Можно с уверенностью сказать, что и в наши дни – взрыва этничностей на пороге глобализации – Авраам-Урия, он же Альберт, он же Аркадий Ковнер, был бы фигурой проблемной… Начало его биографии похоже на многих бунтарей позапрошлого века. Увидев свет в многодетной нищете и тесноте Виленского гетто (1842 г.), он до девятнадцати лет не знал даже титульного языка Российской империи. Отец его был учен, но беден, нищ, но учен, так что способный отпрыск «в четыре года уже сидел над Библией, а в шесть приступил к Талмуду». Восьми лет он был отдан в раввинскую школу, двенадцати бежал и стал странствующим студентом-«бохуром», состоящим на кормлении у каких -либо семи имущих семей. Полтора века спустя, когда вся эта «еврейская жизнь» погибла в газовых камерах, обычай кажется высоким. Но можно представить, что «тинейджер», как нынче говорят, обедающий по чужим, не всегда «добрым людям», а восемнадцати лет отданный по сватовству в примаки в незнакомую семью лавочника, вынес из детства и отрочества дерзкую мечту стать реформатором своего народа. Из древней традиции – как многие тогда – он катапультировался в пространство-время современности и совершил невозможное: за четыре года сдал экзамен на аттестат зрелости, овладев русским, немецким и французским, основами философии и естественных наук, которые и стали его символом веры. Из талмудиста сделался атеист, из еврея «общечеловек» – короче, пламенный «шестидесятник» позапрошлого века. Первые книги (еще на библейском языке) принесли ему среди соплеменников ярлык отступника. Добравшись из Киева до столицы империи, он отдался русской боевой публицистике («либерал с оттенком радикализма, – напишет о нем впоследствии Розанов, – «еврейский Писарев»).
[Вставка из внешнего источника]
(* There exist constants $\varepsilon_0>0$ and $C>0$ with the following property. Let $r>0$, $\delta>0$, $R:=r/\delta$ and $\varepsilon:=R+\tfrac12-\lfloor R+\tfrac12\rfloor$. If $\varepsilon\in[0,\varepsilon_0]$ and $R$ is sufficiently large, then for every unit-norm tight frame $\mathcal{F}$ of $\mathbb{R}^2$, $$\mathcal{E}_\delta(r,\mathcal{F})\ge C\,\frac{\delta^{3/2}}{\sqrt r}.$$
   Context: A finite family $\mathcal{F}=\{e_j\}_{j=1}^N\subset\mathbb{R}^2$ is a unit-norm tight frame if $\|e_j\|=1$ for all $j$ and $\sum_j e_je_j^T=\frac{N}{2}I_2$. For $\delta>0$, $Q_\delta(t):=\delta\lfloor t/\delta+1/2\rfloor$, and $E_\delta(x,\mathcal{F}):=\bigl\|x-\frac{2}{N}\sum_{j=1}^N Q_\delta(\langle x,e_j\rangle)e_j\bigr\|$ (Euclidean norm). For $r>0$ set $x_\psi:=r[\cos\psi,\sin\psi]^T$ and $$\mathcal{E}_\delta(r,\mathcal{F}):=\Bigl(\int_0^{2\pi}E_\delta(x_\psi,\mathcal{F})^2\,d\psi\Bigr)^{1/2}.$$ *)

theory Defs
  imports "HOL-Analysis.Analysis"
begin

definition outer :: "real^2 \<Rightarrow> real^2^2" where
  "outer v = (\<chi> i k. v $ i * v $ k)"

definition unit_norm_tight_frame :: "nat \<Rightarrow> (nat \<Rightarrow> real^2) \<Rightarrow> bool" where
  "unit_norm_tight_frame N e \<longleftrightarrow>
     N \<ge> 1 \<and> (\<forall>j\<in>{1..N}. norm (e j) = 1) \<and>
     (\<Sum>j\<in>{1..N}. outer (e j)) = (real N / 2) *\<^sub>R mat 1"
Сторонник ассимиляции, социальный критик, утилитарист, «экономист», он, однако, столкнется с русской литературой на самый странный, даже фантастический лад и станет знаменит на всю Россию не как реформатор, а как уголовный преступник.

 

 

2. Достоевский

 

Известно, что прямого влияния на жизнь литература не оказывает. Все же некоторые молодые люди в известных обстоятельствах выбирали самоубийство: «уже написан „Вертер“». Так и искусительное исповедание Раскольникова: «Тварь я дрожащая или право имею?» попало в солнечное сплетение жизненных проблем Ковнера, когда, оставив журналистику, он стал мелкой сошкой в банке. Судьба, как назло, подстроила ему подобие «предлагаемых обстоятельств» героя «Преступления и наказания». Бедная семья Кангиссеров, пустившая его на квартиру («нищета была страшная, жили без всяких средств»), кажется еврейским подобием Мармеладовых, вплоть до «бедной Сонечки» (не «уличной», правда, зато больной туберкулезом). Мотив Раскольникова не фантазия – он будет даже муссироваться в суде. Правда, вместо радикального жеста убийства старухи-процентщицы Ковнер ограничится подлогом («три процента с чистой прибыли за один год пайщиков богатейшего банка в России»). Грехопадение «либерального» экс-журналиста сделает его незаменимым героем громкого судебного процесса. Вот тогда-то, признав уголовную ответственность, но не моральную вину, он обратится за судом совести к автору романа…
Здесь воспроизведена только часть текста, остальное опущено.